Asian J Androl. 2007 Jul;9(4):522-7.
PMID: 17589790
“These studies demonstrate that the more abundant D form interacts with spermatozoa transiently, possibly with a specific receptor on the sperm surface, consistent with a capacitation-suppressing function during sperm transit and storage in the epididymis, and also confirm a tightly bound population of the E form that could act in the female reproductive tract.”
Structure and function of epididymal protein cysteine-rich secretory protein-1.
Roberts KP, Johnston DS, Nolan MA, Wooters JL, Waxmonsky NC, Piehl LB, Ensrud-Bowlin KM, Hamilton DW.
Asian J Androl. 2007 Jul;9(4):508-14.
PMID: 17589788
A summary of androgens’ molecular-level actions in the epididymis. We “[determined] the sequence of responses that occur in an androgen deprived tissue upon re-administration of the two metabolites of T, DHT and E2… [and studied] the effects of androgen withdrawal and re-administration on gene expression in immortalized murine caput epididymidal principal cells.”

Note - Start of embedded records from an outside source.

lemma proper_colouring_lower_bound: "proper_colouring (bier m K) k c \<Longrightarrow> m - 1 \<le> k"
  using bier_face_with_m_minus_1_vertices card_face_le_colours by metis

lemma label_vertex_in_ground_set: "v \<in> vertices (bier m K) \<Longrightarrow> label v \<in> {1..m}"
  using face_subset[of "{label v}"] dual_face_iff[of "{label v}"]
  by (cases v) (auto simp: Inl_vertex_iff Inr_vertex_iff)

lemma proper_colouring_label: "proper_colouring (bier m K) (m + 1) label"
  unfolding proper_colouring_def using label_vertex_in_ground_set label_injective_on_edge
  by (metis atLeastAtMost_iff less_Suc_eq_le Suc_eq_plus1)

lemma chromatic_number_bier_eq_iff:
  "chromatic_number (bier m K) = m - 1 \<longleftrightarrow> (\<exists>c. proper_colouring (bier m K) (m - 1) c)"
proof
  assume "chromatic_number (bier m K) = m - 1"
  then show "\<exists>c. proper_colouring (bier m K) (m - 1) c"
    using LeastI_ex[of "\<lambda>k. \<exists>c. proper_colouring (bier m K) k c"] proper_colouring_label
    unfolding chromatic_number_eq_Least by metis
next
  assume "\<exists>c. proper_colouring (bier m K) (m - 1) c"
  then show "chromatic_number (bier m K) = m - 1"
    unfolding chromatic_number_eq_Least
  proof (intro Least_equality)
    fix k assume "\<exists>c. proper_colouring (bier m K) k c"
    then show "m - 1 \<le> k" using proper_colouring_lower_bound by blast
  qed
qed

definition nonadjacent :: "nat \<Rightarrow> nat \<Rightarrow> bool" where
  "nonadjacent x y \<longleftrightarrow> x \<noteq> y \<and> {x} \<in> K \<and> {y} \<in> K \<and> {x, y} \<notin> K"

definition ghosts :: "nat set" where
  "ghosts = {i \<in> {1..m}. {i} \<notin> K}"

definition loose_vertices :: "nat set" where
  "loose_vertices = {x. \<exists>y. nonadjacent x y}"

lemma nonadjacent_sym: "nonadjacent x y \<Longrightarrow> nonadjacent y x"
  unfolding nonadjacent_def by (auto simp: insert_commute)

lemma nonadjacent_in_ground_set: "nonadjacent x y \<Longrightarrow> x \<in> {1..m}"
  unfolding nonadjacent_def using face_subset by blast

end

section \<open>Bier spheres coloured with m - 1 colours\<close>

locale bier_colouring = bier_sphere +
  fixes c :: "nat + nat \<Rightarrow> nat"
  assumes proper: "proper_colouring (bier m K) (m - 1) c"
begin

text \<open>A face with m - 1 vertices sees every colour exactly once, so exchanging one of its vertices
  for another one keeps the colour.\<close>

lemma exchange_same_colour:
  assumes F1: "F1 \<in> bier m K" and F2: "F2 \<in> bier m K" and card_F1: "card F1 = m - 1"
    and u: "u \<in> F1" and v: "v \<in> F2" and eq: "F1 - {u} = F2 - {v}"
  shows "c u = c v"
proof (rule ccontr)
  assume ne: "c u \<noteq> c v"
  have inj1: "inj_on c F1" and inj2: "inj_on c F2"
    using proper_colouring_inj_on_face[OF proper] F1 F2 by auto
  have "c ` F1 \<subseteq> {..<m - 1}"
    using proper vertex_of_bier_face[OF F1] unfolding proper_colouring_def by auto
  moreover have "card (c ` F1) = m - 1" using card_image[OF inj1] card_F1 by simp
  ultimately have all: "c ` F1 = {..<m - 1}" using card_subset_eq by (metis card_lessThan finite_lessThan)
  have "c v < m - 1" using proper vertex_of_bier_face[OF F2 v] unfolding proper_colouring_def by auto
  then obtain w where w: "w \<in> F1" "c w = c v" using all by (metis imageE lessThan_iff)
  then have "w \<in> F2" "w \<noteq> v" using eq ne by blast+
  then show False using inj2 v w(2) unfolding inj_on_def by blast
qed

lemma Inl_edge_colours_differ:
  assumes "x \<noteq> y" "{x, y} \<in> K"
  shows "c (Inl x) \<noteq> c (Inl y)"
proof -
  have "Inl ` {x, y} \<union> Inr ` {} \<in> bier m K"
    using assms empty_dual_face by (subst bier_face_iff) auto
  then have "inj_on c (Inl ` {x, y} \<union> Inr ` {})" using proper_colouring_inj_on_face[OF proper] by blast
  then show ?thesis using assms(1) unfolding inj_on_def by auto
qed

lemma Inr_edge_colours_differ:
  assumes "x \<noteq> y" "{x, y} \<in> dual"
  shows "c (Inr x) \<noteq> c (Inr y)"
proof -
  have "Inl ` {} \<union> Inr ` {x, y} \<in> bier m K"
    using assms empty_face by (subst bier_face_iff) auto
  then have "inj_on c (Inl ` {} \<union> Inr ` {x, y})" using proper_colouring_inj_on_face[OF proper] by blast
  then show ?thesis using assms(1) unfolding inj_on_def by auto
qed

text \<open>If the faces P \<union> e ` (U - {k}) all have m - 1 vertices, then by exchange all e k with
  k \<in> U carry the same colour; as two of them share a face, U has at most two elements.\<close>

lemma no_three_mutual_exchanges:
  fixes e :: "nat \<Rightarrow> nat + nat"
  assumes inj: "inj e"
    and faces: "\<And>k. k \<in> U \<Longrightarrow> P \<union> e ` (U - {k}) \<in> bier m K \<and> card (P \<union> e ` (U - {k})) = m - 1"
    and disjoint: "\<And>k. e k \<notin> P"
    and xyz: "x \<in> U" "y \<in> U" "z \<in> U" "x \<noteq> y" "x \<noteq> z" "y \<noteq> z"
  shows False
proof -
  let ?F = "\<lambda>k. P \<union> e ` (U - {k})"
  have e_eq: "e a = e b \<longleftrightarrow> a = b" for a b using inj by (simp add: inj_eq)
  have "?F y - {e x} = ?F x - {e y}" using disjoint e_eq by auto
  moreover have "e x \<in> ?F y" "e y \<in> ?F x" using xyz by auto
  ultimately have "c (e x) = c (e y)" using exchange_same_colour faces xyz by metis
  moreover have "inj_on c (?F z)" using proper_colouring_inj_on_face[OF proper] faces xyz by blast
  moreover have "e x \<in> ?F z" "e y \<in> ?F z" "e x \<noteq> e y" using xyz e_eq by auto
  ultimately show False unfolding inj_on_def by blast
qed

lemma face_extends_by_vertex:
  assumes I: "I \<in> K" and three: "3 \<le> card ({1..m} - I)"
  shows "\<exists>k\<in>{1..m} - I. insert k I \<in> K"
proof (rule ccontr)
  assume "\<not> ?thesis"
  then have not_face: "insert k I \<notin> K" if "k \<in> {1..m} - I" for k using that by blast
  let ?U = "{1..m} - I"
  have I_sub: "I \<subseteq> {1..m}" and fin: "finite I" using I face_subset finite_face by auto
  have card_U: "card ?U = m - card I" using I_sub fin by (simp add: card_Diff_subset)
  obtain x y z where xyz: "x \<in> ?U" "y \<in> ?U" "z \<in> ?U" "x \<noteq> y" "x \<noteq> z" "y \<noteq> z"
    using obtain_three_distinct[OF three] by blast
  have faces: "Inl ` I \<union> Inr ` (?U - {k}) \<in> bier m K \<and> card (Inl ` I \<union> Inr ` (?U - {k})) = m - 1"
    if k: "k \<in> ?U" for k
  proof
    have "{1..m} - (?U - {k}) = insert k I" using I_sub k by auto
    then have "?U - {k} \<in> dual" using not_face[OF k] dual_face_iff by auto
    then show "Inl ` I \<union> Inr ` (?U - {k}) \<in> bier m K" using bier_face_iff I by auto
    have "card (?U - {k}) = card ?U - 1" using k by (simp add: card_Diff_singleton)
    then have "card I + card (?U - {k}) = m - 1" using card_U three by simp
    then show "card (Inl ` I \<union> Inr ` (?U - {k})) = m - 1"
      by (simp add: card_Inl_Inr_image[OF fin])
  qed
  show False by (rule no_three_mutual_exchanges[of Inr ?U "Inl ` I" x y z]) (use faces xyz in auto)
qed

lemma nonface_remove_vertex_nonface:
  assumes N: "N \<subseteq> {1..m}" "N \<notin> K" and three: "3 \<le> card N"
  shows "\<exists>k\<in>N. N - {k} \<notin> K"
proof (rule ccontr)
  assume "\<not> ?thesis"
  then have face: "N - {k} \<in> K" if "k \<in> N" for k using that by blast
  have fin: "finite N" using N(1) finite_subset by blast
  let ?J = "{1..m} - N"
  have "{1..m} - ?J = N" using N by auto
  then have J: "?J \<in> dual" using N dual_face_iff by auto
  have card_J: "card ?J = m - card N" using N fin by (simp add: card_Diff_subset)
  have "card N \<le> m" using card_mono[OF _ N(1)] by simp
  obtain x y z where xyz: "x \<in> N" "y \<in> N" "z \<in> N" "x \<noteq> y" "x \<noteq> z" "y \<noteq> z"
    using obtain_three_distinct[OF three] by blast
  have faces: "Inr ` ?J \<union> Inl ` (N - {k}) \<in> bier m K \<and> card (Inr ` ?J \<union> Inl ` (N - {k})) = m - 1"
    if k: "k \<in> N" for k
  proof
    have eq: "Inr ` ?J \<union> Inl ` (N - {k}) = Inl ` (N - {k}) \<union> Inr ` ?J" by auto
    show "Inr ` ?J \<union> Inl ` (N - {k}) \<in> bier m K" unfolding eq using bier_face_iff face[OF k] J by auto
    have "card (N - {k}) = card N - 1" using k by (simp add: card_Diff_singleton)
    then have "card (N - {k}) + card ?J = m - 1" using card_J three \<open>card N \<le> m\<close> by simp
    then show "card (Inr ` ?J \<union> Inl ` (N - {k})) = m - 1"
      unfolding eq using card_Inl_Inr_image[of "N - {k}" ?J] fin by simp
  qed
  show False by (rule no_three_mutual_exchanges[of Inl N "Inr ` ?J" x y z]) (use faces xyz in auto)
qed

lemma clique_is_face:
  "\<sigma> \<subseteq> {1..m} \<Longrightarrow> (\<forall>x\<in>\<sigma>. \<forall>y\<in>\<sigma>. {x, y} \<in> K) \<Longrightarrow> \<sigma> \<in> K"
proof (induction "card \<sigma>" arbitrary: \<sigma> rule: less_induct)
  case less
  have fin: "finite \<sigma>" using less.prems(1) finite_subset by blast
  show ?case
  proof (cases "card \<sigma> \<le> 2")
    case True
    then consider "card \<sigma> = 0" | "card \<sigma> = 1" | "card \<sigma> = 2" by linarith
    then show ?thesis
    proof cases
      case 1
      then show ?thesis using fin empty_face by simp
    next
      case 2
      then obtain x where "\<sigma> = {x}" by (elim card_1_singletonE)
      then show ?thesis using less.prems(2) by auto
    next
      case 3
      then obtain x y where "\<sigma> = {x, y}" by (auto simp: card_2_iff)
      then show ?thesis using less.prems(2) by auto
    qed
  next
    case False
    show ?thesis
    proof (rule ccontr)
      assume "\<sigma> \<notin> K"
      then obtain k where k: "k \<in> \<sigma>" "\<sigma> - {k} \<notin> K"
        using nonface_remove_vertex_nonface[OF less.prems(1)] False by auto
      have "\<sigma> - {k} \<in> K"
        using less.prems by (intro less.hyps[OF card_Diff1_less[OF fin k(1)]]) auto
      then show False using k(2) by simp
    qed
  qed
qed

lemma face_extends_to_codim_2: "I \<in> K \<Longrightarrow> \<exists>I'\<in>K. I \<subseteq> I' \<and> card ({1..m} - I') \<le> 2"
proof (induction "card ({1..m} - I)" arbitrary: I rule: less_induct)
  case less
  show ?case
  proof (cases "card ({1..m} - I) \<le> 2")
    case False
    then obtain k where k: "k \<in> {1..m} - I" "insert k I \<in> K"
      using face_extends_by_vertex[OF less.prems] by auto
    have "card (({1..m} - I) - {k}) < card ({1..m} - I)"
      by (rule card_Diff1_less) (use k(1) in auto)
    moreover have "({1..m} - I) - {k} = {1..m} - insert k I" by auto
    ultimately have "card ({1..m} - insert k I) < card ({1..m} - I)" by simp
    then show ?thesis using less.hyps k(2) by blast
  qed (use less.prems in blast)
qed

Androgenic regulation of novel genes in the epididymis.
Robaire B, Seenundun S, Hamzeh M, Lamour SA.
Asian J Androl. 2007 Jul;9(4):545-53.
PMID: 17589794
Discussion of the possible role of the epididymis in the regulatory volume decrease capacity of mature sperm.
Sperm maturation in the epididymis: a new look at an old problem.
Cooper TG.
Asian J Androl. 2007 Jul;9(4):533-9.
PMID: 17589792
“Proteomic analyses indicate that this change [– progressive acquisition of the capacity to phosphorylate tyrosine –] is associated with the phosphorylation of several mitochondrial proteins, creation of a mitochondrial membrane potential and activation of mitochondrial free radical generation.”
Proteomic changes in mammalian spermatozoa during epididymal maturation.
Aitken RJ, Nixon B, Lin M, Koppers AJ, Lee YH, Baker MA.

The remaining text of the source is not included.